What to work on: Pull each line containing "lemma" from the data.

Exercise data:
- - - -

lemma prefix_append_asg: "L \<in> assignments A N \<Longrightarrow> prefix_asg N (append_asg N L g) = L"
  by (auto simp: assignments_def prefix_asg_def append_asg_def fun_eq_iff)

lemma segment_append_asg: "g \<in> assignments A m \<Longrightarrow> segment_asg N m (append_asg N L g) = g"
  by (auto simp: assignments_def segment_asg_def append_asg_def fun_eq_iff)

lemma append_prefix_segment_asg:
  "L \<in> assignments A (N + m) \<Longrightarrow> append_asg N (prefix_asg N L) (segment_asg N m L) = L"
  by (auto simp: assignments_def prefix_asg_def segment_asg_def append_asg_def fun_eq_iff)

lemma append_asg_in_assignments:
  "L \<in> assignments A N \<Longrightarrow> g \<in> assignments A m \<Longrightarrow> append_asg N L g \<in> assignments A (N + m)"
  by (auto simp: assignments_def append_asg_def)

text \<open>Independence of the lists on disjoint ranges of vertices, in counting form.\<close>

lemma card_assignments_append:
  "card {L \<in> assignments A (N + m). P (prefix_asg N L) \<and> Q (segment_asg N m L)} =
   card {L \<in> assignments A N. P L} * card {g \<in> assignments A m. Q g}"
proof -
  have "bij_betw (\<lambda>L. (prefix_asg N L, segment_asg N m L))
          {L \<in> assignments A (N + m). P (prefix_asg N L) \<and> Q (segment_asg N m L)}
          ({L \<in> assignments A N. P L} \<times> {g \<in> assignments A m. Q g})"
    by (rule bij_betw_byWitness[where f' = "\<lambda>(L, g). append_asg N L g"])
       (auto simp: append_prefix_segment_asg prefix_append_asg segment_append_asg
          append_asg_in_assignments, auto simp: assignments_def prefix_asg_def segment_asg_def)
  then show ?thesis
    by (simp add: bij_betw_same_card card_cartesian_product)
qed

lemma card_assignments_one: "card (assignments A 1) = card A"
proof -
  have "bij_betw (\<lambda>L. L 0) (assignments A 1) A"
    by (rule bij_betw_byWitness[where f' = "\<lambda>B v. if v = 0 then B else {}"])
       (auto simp: assignments_def fun_eq_iff)
  then show ?thesis by (simp add: bij_betw_same_card)
qed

- - - -

Problem solution:
lemma prefix_append_asg: "L \<in> assignments A N \<Longrightarrow> prefix_asg N (append_asg N L g) = L"
lemma segment_append_asg: "g \<in> assignments A m \<Longrightarrow> segment_asg N m (append_asg N L g) = g"
lemma append_prefix_segment_asg:
lemma append_asg_in_assignments:
lemma card_assignments_append:
lemma card_assignments_one: "card (assignments A 1) = card A"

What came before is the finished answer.